For this example we'll use an open source embedding model from HuggingFace so we don't accumulate a huge bill for OpenAI

In [12]:
from langchain_community.embeddings import HuggingFaceBgeEmbeddings

model_name = "BAAI/bge-base-en-v1.5"

encode_kwargs = {'normalize_embeddings': True} # set True to compute cosine similarity

embeddings = HuggingFaceBgeEmbeddings(
    model_name=model_name,
    model_kwargs={'device': 'cuda'},
    encode_kwargs=encode_kwargs
)



AssertionError: Torch not compiled with CUDA enabled

To set up a Chain of Thought prompt you will use a `FewShotPromptTemplate` as well as an example selector.
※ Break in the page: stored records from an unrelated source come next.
lemma PiM_PiM_eq_density_prior:
  fixes Q :: "'p::finite \<Rightarrow> 'k::finite \<Rightarrow> real measure"
  assumes g_prob: "\<And>k. prob_space (g k)" and Q: "\<And>p k. dominated_prob (Q p k) (g k)"
  shows "(\<Pi>\<^sub>M p\<in>UNIV. \<Pi>\<^sub>M k\<in>UNIV. Q p k) =
    density (prior g) (\<lambda>L. \<Prod>p\<in>UNIV. \<Prod>k\<in>UNIV. RN_deriv (g k) (Q p k) (L p k))"
proof -
  define r where "r p k = RN_deriv (g k) (Q p k)" for p k
  have Q_eq: "Q p k = density (g k) (r p k)" for p k
    unfolding r_def using dominated_prob.density_RN_deriv_eq[OF Q] by simp
  have r_meas: "r p k \<in> borel_measurable (g k)" for p k
    unfolding r_def by simp
  have Q_prob: "prob_space (Q p k)" for p k
    using Q[of p k] by (simp add: dominated_prob_def)
  have sf_g: "sigma_finite_measure (g k)" for k
    using g_prob prob_space_imp_sigma_finite by blast
  have row_eq: "(\<Pi>\<^sub>M k\<in>UNIV. Q p k) = density (\<Pi>\<^sub>M k\<in>UNIV. g k) (\<lambda>l. \<Prod>k\<in>UNIV. r p k (l k))" for p
  proof -
    have "(\<Pi>\<^sub>M k\<in>UNIV. Q p k) = (\<Pi>\<^sub>M k\<in>UNIV. density (g k) (r p k))"
      using Q_eq by simp
    also have "\<dots> = density (\<Pi>\<^sub>M k\<in>UNIV. g k) (\<lambda>l. \<Prod>k\<in>UNIV. r p k (l k))"
    proof (rule PiM_density)
      show "sigma_finite_measure (density (g k) (r p k))" for k
        using prob_space_imp_sigma_finite[OF Q_prob[of p k]] Q_eq[of p k] by simp
    qed (use sf_g r_meas in auto)
    finally show ?thesis .
  qed
  have "(\<Pi>\<^sub>M p\<in>UNIV. \<Pi>\<^sub>M k\<in>UNIV. Q p k)
      = (\<Pi>\<^sub>M p\<in>UNIV. density (\<Pi>\<^sub>M k\<in>UNIV. g k) (\<lambda>l. \<Prod>k\<in>UNIV. r p k (l k)))"
    by (simp add: row_eq)
  also have "\<dots> = density (prior g) (\<lambda>L. \<Prod>p\<in>UNIV. \<Prod>k\<in>UNIV. r p k (L p k))"
    unfolding prior_def
  proof (rule PiM_density)
    show "sigma_finite_measure (\<Pi>\<^sub>M k\<in>UNIV. g k)"
      using prob_space_PiM[of UNIV g] g_prob prob_space_imp_sigma_finite by blast
    show "(\<lambda>l. \<Prod>k\<in>UNIV. r p k (l k)) \<in> borel_measurable (\<Pi>\<^sub>M k\<in>UNIV. g k)" for p
    proof (intro borel_measurable_prod_ennreal)
      fix k
      have "(\<lambda>l. l k) \<in> measurable (\<Pi>\<^sub>M k\<in>UNIV. g k) (g k)"
        by (rule measurable_component_singleton) simp
      then show "(\<lambda>l. r p k (l k)) \<in> borel_measurable (\<Pi>\<^sub>M k\<in>UNIV. g k)"
        using r_meas measurable_compose by blast
    qed
    show "sigma_finite_measure (density (\<Pi>\<^sub>M k\<in>UNIV. g k) (\<lambda>l. \<Prod>k\<in>UNIV. r p k (l k)))" for p
      unfolding row_eq[symmetric] by (intro prob_space_imp_sigma_finite prob_space_PiM Q_prob)
  qed
  finally show ?thesis unfolding r_def .
qed

lemma borel_measurable_prod_RN_deriv_prior:
  fixes Q :: "'p::finite \<Rightarrow> 'k::finite \<Rightarrow> real measure"
  assumes g_borel: "\<And>k. sets (g k) = sets borel"
  shows "(\<lambda>L. \<Prod>p\<in>UNIV. \<Prod>k\<in>UNIV. RN_deriv (g k) (Q p k) (L p k)) \<in> borel_measurable (prior g)"
proof -
  have entry_G: "(\<lambda>L. L p k) \<in> measurable (prior g) (g k)" for p k
    by (subst measurable_cong_sets[OF refl g_borel]) (rule measurable_entry[OF sets_prior[of g, OF g_borel]])
  show ?thesis
    by (intro borel_measurable_prod_ennreal measurable_compose[OF entry_G borel_measurable_RN_deriv])
qed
In this example you'll use `MaxMarginalRelevanceExampleSelector`, but you can use any of the example selectors you learned about before.

In [None]:
from langchain.prompts.example_selector import MaxMarginalRelevanceExampleSelector

from langchain.prompts import FewShotPromptTemplate, PromptTemplate

from langchain_community.vectorstores import FAISS

In [None]:
prefix = "Consider the following as examples of how to reason:"

examples_template = """Query: {source}

Rationale: {rationale}

Response: {target}
"""

suffix = """Using a similar reasoning approach, answer the users question which is delimited by triple backticks.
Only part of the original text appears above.